Do some serious research on the best doctors and therapists in your area and spare no expense. She won't get better on her own and there is not much you can personally do.


This is all true and the best advice in the thread. Praying has psych benefits for many people, but praying will not help lessen the ravages of mental illness for this young girl or anyone with diagnosed mental illness. Sadly, obtuse/unenlightened folks will be defensive, taking the prayer comment as an attack on religion and their church...it is not, but it is reality.

My brother sufferd from schizo-effective disorder (elements of schizophrenia + mood irregularity/disorder such as BPD) for his entire adulthood. There is no cure for mental illness, but it can be helped through intense treatment and medication by the right professionals. I suggest a two-week mental health in-patient stay now, where she can be observed at all times and diagnoses can really be flushed-out. My brother didn't have the benefit of this stay until after, and in response to, a suicide attempt, but it finally provided a thorough diagnosis. It may be learned that the girl has multiple, currently unknown issues which can be diagnosed, such as autism, paranoia, and depression.

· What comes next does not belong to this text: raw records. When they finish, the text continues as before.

lemma area_le_conj:
  assumes "area_le k u" and h: "letters h \<subseteq> gens"
  shows "area_le k (h @ u @ fg_inv h)"
proof -
  obtain cs where cs: "length cs \<le> k" "relator_conjugates cs" "reduce (conj_product cs) = reduce u"
    using assms(1) unfolding area_le_def by blast
  let ?cs = "map (\<lambda>(g, \<rho>). (reduce (h @ g), \<rho>)) cs"
  have "in_free gens (reduce (h @ g))" if "(g, \<rho>) \<in> set cs" for g \<rho>
    using cs(2) that h letters_reduce_subset [of "h @ g"]
    unfolding in_free_def relator_conjugates_def by fastforce
  then have "relator_conjugates ?cs"
    using cs(2) by (auto simp: relator_conjugates_def)
  moreover have "reduce (conj_product ?cs) = reduce (h @ u @ fg_inv h)"
    using reduce_append_cong [OF refl reduce_append_cong [OF cs(3) refl], of h "fg_inv h"]
    by (simp add: reduce_conj_product_conj)
  ultimately show ?thesis
    unfolding area_le_def using cs(1) by (intro exI [of _ ?cs]) auto
qed

definition area_equiv :: "nat \<Rightarrow> 'a word \<Rightarrow> 'a word \<Rightarrow> bool" where
  "area_equiv k u u' \<longleftrightarrow> area_le k (u @ fg_inv u')"

definition commutes :: "'a word \<Rightarrow> 'a word \<Rightarrow> bool" where
  "commutes x y \<longleftrightarrow> area_le 1 (comm_word x y)"

lemma area_equiv_reduce: "reduce u = reduce u' \<Longrightarrow> area_equiv k u u'"
  unfolding area_equiv_def
  by (rule area_le_trivial) (metis reduce_append_cong reduce_append_fg_inv)
lemma is_chart_full_dim_parametrisation:
  fixes \<phi> :: "'a \<Rightarrow> 'n::euclidean_space"
  assumes chart: "is_chart X (U, V, \<phi>)" and "dim V = DIM('m)"
  obtains S and p :: "'m::euclidean_space \<Rightarrow> 'a"
  where "open S" "continuous_map (top_of_set S) X p" "U \<subseteq> p ` S"
    and "\<And>g :: 'a \<Rightarrow> 'b::real_normed_vector.
          (g \<circ> inv_into U \<phi>) differentiable_on \<phi> ` U \<Longrightarrow> (g \<circ> p) differentiable_on S"
proof -
  have "subspace V" "openin (top_of_set V) (\<phi> ` U)"
    using chart by (auto simp: is_chart_def)
  obtain L :: "'m \<Rightarrow> 'n" and S where "linear L" "open S" "L ` S = \<phi> ` U"
    by (rule full_dim_subspace_linear_parametrisation[OF \<open>subspace V\<close> \<open>dim V = DIM('m)\<close>
          \<open>openin (top_of_set V) (\<phi> ` U)\<close>])
  let ?p = "inv_into U \<phi> \<circ> L"
  have "continuous_map (top_of_set S) (top_of_set (\<phi> ` U)) L"
    using \<open>L ` S = \<phi> ` U\<close> \<open>linear L\<close>
    by (simp add: continuous_map_in_subtopology continuous_map_iff_continuous2
        linear_continuous_on linear_linear flip: image_subset_iff_funcset)
  then have "continuous_map (top_of_set S) X ?p"
    by (rule continuous_map_compose[OF _ is_chart_continuous_map_inv[OF chart]])
  moreover have "U \<subseteq> ?p ` S"
  proof
    fix t assume "t \<in> U"
    then have "\<phi> t \<in> L ` S" using \<open>L ` S = \<phi> ` U\<close> by simp
    then obtain x where "\<phi> t = L x" "x \<in> S" by (rule imageE)
    then have "t = ?p x" using is_chart_inj_on[OF chart] \<open>t \<in> U\<close> by (metis comp_apply inv_into_f_f)
    then show "t \<in> ?p ` S" using \<open>x \<in> S\<close> by blast
  qed
  moreover have "(g \<circ> ?p) differentiable_on S"
    if "(g \<circ> inv_into U \<phi>) differentiable_on \<phi> ` U" for g :: "'a \<Rightarrow> 'b"
  proof -
    have "L differentiable_on S"
      using \<open>linear L\<close> by (rule linear_imp_differentiable_on)
    from differentiable_on_compose[OF this that[folded \<open>L ` S = \<phi> ` U\<close>]]
    show ?thesis by (simp add: comp_def)
  qed
  ultimately show ?thesis using that \<open>open S\<close> by blast
qed
definition Lop :: "(real^'n \<Rightarrow> 'n \<Rightarrow> 'n \<Rightarrow> real) \<Rightarrow> (real^'n \<Rightarrow> real^'n)
                    \<Rightarrow> (real^'n \<Rightarrow> real) \<Rightarrow> real^'n \<Rightarrow> real" where
  "Lop a b W x = (\<Sum>i\<in>UNIV. \<Sum>j\<in>UNIV. a x i j * pd2 W i j x) + (\<Sum>i\<in>UNIV. b x $ i * pd1 W i x)"

definition holder :: "real \<Rightarrow> (real^'n \<Rightarrow> real) \<Rightarrow> bool" where
  "holder \<alpha> g \<longleftrightarrow> (\<forall>K. compact K \<longrightarrow> (\<exists>C. \<forall>x\<in>K. \<forall>y\<in>K. \<bar>g x - g y\<bar> \<le> C * dist x y powr \<alpha>))"

definition loc_lipschitz :: "'a::metric_space set \<Rightarrow> ('a \<Rightarrow> 'b::metric_space) \<Rightarrow> bool" where
  "loc_lipschitz S g \<longleftrightarrow> (\<forall>x\<in>S. \<exists>e>0. \<exists>C. C-lipschitz_on (cball x e \<inter> S) g)"

definition Fsup :: "(real^'n \<Rightarrow> real \<Rightarrow> real) \<Rightarrow> real \<Rightarrow> real" where
  "Fsup f u = (SUP x. f x u)"

definition Gsup :: "(real^'n \<Rightarrow> real \<Rightarrow> real) \<Rightarrow> real \<Rightarrow> real" where
  "Gsup f u = (SUP p\<in>{(x,v). v \<ge> u}. f (fst p) (snd p) - f (fst p) (snd p - u))"

definition F1' :: "(real^'n \<Rightarrow> real \<Rightarrow> real) \<Rightarrow> bool" where
  "F1' f \<longleftrightarrow> bdd_above (Fsup f ` {0<..})"

definition F2' :: "(real^'n \<Rightarrow> real \<Rightarrow> real) \<Rightarrow> bool" where
  "F2' f \<longleftrightarrow> (\<exists>(m::nat) (\<epsilon>::real). \<epsilon> > 0 \<and>
     filterlim (\<lambda>u. Fsup f u / (u * (\<Prod>i=1..m. (ln ^^ i) u)^2 * ((ln ^^ (m+1)) u) powr (2+\<epsilon>)))
       at_bot at_top)"

definition F3 :: "(real^'n \<Rightarrow> real \<Rightarrow> real) \<Rightarrow> bool" where
  "F3 f \<longleftrightarrow> (\<forall>x. f x 0 = 0) \<and> loc_lipschitz {0..} (Fsup f)"

definition F4a :: "(real^'n \<Rightarrow> real \<Rightarrow> real) \<Rightarrow> bool" where
  "F4a f \<longleftrightarrow> loc_lipschitz {0..} (Gsup f) \<and>
     (\<exists>u0. (\<forall>u\<ge>u0. Gsup f u < 0) \<and> (\<lambda>u. 1 / (- Gsup f u)) integrable_on {u0..})"

definition L1 :: "(real^'n \<Rightarrow> 'n \<Rightarrow> 'n \<Rightarrow> real) \<Rightarrow> (real^'n \<Rightarrow> real^'n) \<Rightarrow> bool" where
  "L1 a b \<longleftrightarrow> (\<exists>C>0. \<forall>x \<nu>. (\<Sum>i\<in>UNIV. \<Sum>j\<in>UNIV. a x i j * \<nu>$i * \<nu>$j) \<le> C * (norm \<nu>)^2 * (1 + (norm x)^2)
                        \<and> norm (b x) \<le> C * (1 + norm x))"

definition stat_sol :: "(real^'n \<Rightarrow> 'n \<Rightarrow> 'n \<Rightarrow> real) \<Rightarrow> (real^'n \<Rightarrow> real^'n)
                        \<Rightarrow> (real^'n \<Rightarrow> real \<Rightarrow> real) \<Rightarrow> (real^'n \<Rightarrow> real) \<Rightarrow> bool" where
  "stat_sol a b f W \<longleftrightarrow> C2 W \<and> (\<forall>x. W x \<ge> 0) \<and> (\<forall>x. Lop a b W x + f x (W x) = 0)"

end

theory Submission
  imports Defs
begin

(* Both parts reduce to one statement: if F(u) < 0 for u > 0 and (F-2'), (F-3), (L-1) hold, every
   nonnegative C^2 solution W of L W + f(x, W) = 0 vanishes.  In the first part F <= G because
   f(x, 0) = 0.

   The tool is a maximum principle at infinity.  For Q increasing with Q(W) bounded above,
   Q(W) - eta log(1 + |x|^2) attains its maximum at some z.  There the gradients of Q(W) and of the
   penalty agree, and nonnegativity of (a_ij) against the second order condition gives
     Q'(W) L W <= eta K + |Q''(W)| 4 C eta^2 / Q'(W)^2,   while   L W >= -F(W).
   With Q = -(log^(m+1) W)^(-eps/2), (F-2') makes Q'(W) (-F(W)) dominate the right hand side for
   small eta, so W is bounded.  Then Q = id and F <= -delta < 0 on [W(x0)/2, sup W] give
   delta <= eta K for all small eta, so W = 0. *)

lemma frechet_derivative_eq_sum_pd1:
  fixes U :: "real^'n \<Rightarrow> real"
  assumes "U differentiable (at y)"
  shows "frechet_derivative U (at y) v = (\<Sum>i\<in>UNIV. v$i * pd1 U i y)"
proof -
  have lin: "linear (frechet_derivative U (at y))"
    using assms linear_frechet_derivative by blast
  have "frechet_derivative U (at y) v = frechet_derivative U (at y) (\<Sum>i\<in>UNIV. v$i *\<^sub>R axis i 1)"
    using basis_expansion[of v] by (simp add: scalar_mult_eq_scaleR)
  also have "\<dots> = (\<Sum>i\<in>UNIV. v$i * frechet_derivative U (at y) (axis i 1))"
    by (simp add: linear_sum[OF lin] linear_cmul[OF lin])
  finally show ?thesis by (simp add: pd1_def)
qed

lemma has_real_derivative_along_line:
  fixes U :: "real^'n \<Rightarrow> real"
  assumes "U differentiable (at (z + t *\<^sub>R v))"
  shows "((\<lambda>s. U (z + s *\<^sub>R v)) has_real_derivative (\<Sum>i\<in>UNIV. v$i * pd1 U i (z + t *\<^sub>R v))) (at t)"
proof -
  let ?U' = "frechet_derivative U (at (z + t *\<^sub>R v))"
  have "(U has_derivative ?U') (at (z + t *\<^sub>R v))"
    using assms frechet_derivative_works by blast
  moreover have "((\<lambda>s. z + s *\<^sub>R v) has_derivative (\<lambda>s. s *\<^sub>R v)) (at t)"
    by (auto intro!: derivative_eq_intros)
  ultimately have "((\<lambda>s. U (z + s *\<^sub>R v)) has_derivative (\<lambda>s. ?U' (s *\<^sub>R v))) (at t)"
    using diff_chain_at unfolding o_def by blast
  moreover have "(\<lambda>s. ?U' (s *\<^sub>R v)) = (*) (?U' v)"
    using linear_cmul[OF linear_frechet_derivative[OF assms]] by (auto simp: fun_eq_iff)
  ultimately show ?thesis
    using frechet_derivative_eq_sum_pd1[OF assms] by (simp add: has_field_derivative_def)
qed

lemma sum_axis_mult: "(\<Sum>k\<in>UNIV. axis j (1::real) $ k * c k) = c j"
proof -
  have "(\<Sum>k\<in>UNIV. axis j (1::real) $ k * c k) = (\<Sum>k\<in>UNIV. if k = j then c k else 0)"
    by (intro sum.cong refl) (simp add: axis_def)
  then show ?thesis by simp
qed

lemma pd2_eq_pd1_pd1: "pd2 W i j x = pd1 (pd1 W j) i x"
  unfolding pd2_def by (rule pd1_def[symmetric])

lemma has_real_derivative_along_axis:
  fixes U :: "real^'n \<Rightarrow> real"
  assumes "U differentiable (at (z + t *\<^sub>R axis j 1))"
  shows "((\<lambda>s. U (z + s *\<^sub>R axis j 1)) has_real_derivative pd1 U j (z + t *\<^sub>R axis j 1)) (at t)"
  using has_real_derivative_along_line[OF assms] by (simp add: sum_axis_mult)

lemma has_real_derivative_along_line_second:
  fixes U :: "real^'n \<Rightarrow> real"
  assumes "\<And>j. pd1 U j differentiable (at (z + t *\<^sub>R v))"
  shows "((\<lambda>s. \<Sum>j\<in>UNIV. v$j * pd1 U j (z + s *\<^sub>R v)) has_real_derivative
           (\<Sum>i\<in>UNIV. \<Sum>j\<in>UNIV. pd2 U i j (z + t *\<^sub>R v) * v$i * v$j)) (at t)"
proof -
  have "((\<lambda>s. v$j * pd1 U j (z + s *\<^sub>R v)) has_real_derivative
          (\<Sum>i\<in>UNIV. pd2 U i j (z + t *\<^sub>R v) * v$i * v$j)) (at t)" for j
    using DERIV_cmult[OF has_real_derivative_along_line[OF assms[of j]], of "v$j"]
    by (simp add: pd2_eq_pd1_pd1 sum_distrib_left mult_ac)
  then have "((\<lambda>s. \<Sum>j\<in>UNIV. v$j * pd1 U j (z + s *\<^sub>R v)) has_real_derivative
           (\<Sum>j\<in>UNIV. \<Sum>i\<in>UNIV. pd2 U i j (z + t *\<^sub>R v) * v$i * v$j)) (at t)"
    by (intro DERIV_sum) auto
  then show ?thesis by (subst sum.swap)
qed

lemma second_difference_mvt:
  fixes W :: "real^'n \<Rightarrow> real"
  assumes dW: "\<And>y. W differentiable (at y)" and dP: "\<And>y. pd1 W j differentiable (at y)" and h: "0 < h"
  obtains \<xi> where "dist \<xi> x \<le> 2 * h"
    "W (x + h *\<^sub>R axis i 1 + h *\<^sub>R axis j 1) - W (x + h *\<^sub>R axis i 1) - W (x + h *\<^sub>R axis j 1) + W x
       = h * h * pd2 W i j \<xi>"
proof -
  define ei :: "real^'n" where "ei = axis i 1"
  define ej :: "real^'n" where "ej = axis j 1"
  define \<phi> where "\<phi> s = W (x + h *\<^sub>R ei + s *\<^sub>R ej) - W (x + s *\<^sub>R ej)" for s
  have "(\<phi> has_real_derivative (pd1 W j (x + h *\<^sub>R ei + s *\<^sub>R ej) - pd1 W j (x + s *\<^sub>R ej))) (at s)" for s
    unfolding \<phi>_def ej_def by (intro derivative_intros has_real_derivative_along_axis dW)
  then obtain s where s: "0 < s" "s < h"
    "\<phi> h - \<phi> 0 = (h - 0) * (pd1 W j (x + h *\<^sub>R ei + s *\<^sub>R ej) - pd1 W j (x + s *\<^sub>R ej))"
    using MVT2[OF h, of \<phi> "\<lambda>s. pd1 W j (x + h *\<^sub>R ei + s *\<^sub>R ej) - pd1 W j (x + s *\<^sub>R ej)"]
    by blast
  define \<rho> where "\<rho> r = pd1 W j (x + s *\<^sub>R ej + r *\<^sub>R ei)" for r
  have "(\<rho> has_real_derivative pd2 W i j (x + s *\<^sub>R ej + r *\<^sub>R ei)) (at r)" for r
    unfolding \<rho>_def pd2_eq_pd1_pd1 ei_def by (rule has_real_derivative_along_axis[OF dP])
  then obtain r where r: "0 < r" "r < h" "\<rho> h - \<rho> 0 = (h - 0) * pd2 W i j (x + s *\<^sub>R ej + r *\<^sub>R ei)"
    using MVT2[OF h, of \<rho> "\<lambda>r. pd2 W i j (x + s *\<^sub>R ej + r *\<^sub>R ei)"] by blast
  show ?thesis
  proof
    have "dist (x + s *\<^sub>R ej + r *\<^sub>R ei) x \<le> norm (s *\<^sub>R ej) + norm (r *\<^sub>R ei)"
      using norm_triangle_ineq[of "s *\<^sub>R ej" "r *\<^sub>R ei"] by (simp add: dist_norm add.assoc)
    then show "dist (x + s *\<^sub>R ej + r *\<^sub>R ei) x \<le> 2 * h"
      using s r by (simp add: ei_def ej_def)
    have "\<rho> h = pd1 W j (x + h *\<^sub>R ei + s *\<^sub>R ej)" "\<rho> 0 = pd1 W j (x + s *\<^sub>R ej)"
      by (simp_all add: \<rho>_def add_ac)
    then show "W (x + h *\<^sub>R axis i 1 + h *\<^sub>R axis j 1) - W (x + h *\<^sub>R axis i 1) - W (x + h *\<^sub>R axis j 1) + W x
        = h * h * pd2 W i j (x + s *\<^sub>R ej + r *\<^sub>R ei)"
      using s(3) r(3) by (simp add: \<phi>_def ei_def ej_def algebra_simps)
  qed
qed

Health insurers can often assist in lining-up the right medical providers. Also, explore social security benefits for this girl, as she may qualify at some point to draw through your and/or her mother's SS and Medicare will follow.

And, it's bothersome that some have suggested essentially discarding this girl. Parents need to be fearless advocates for their kids. Her condition is the fault of no human...could be genetic, environmental, pre-birth related, etc...it doesn't matter.

And suicide threats, and all threats, are not to be taken lightly. I speak from familial experience. Report threats to medical professionals and the authorities asap. Remove sharp objects in the home from the girl's access.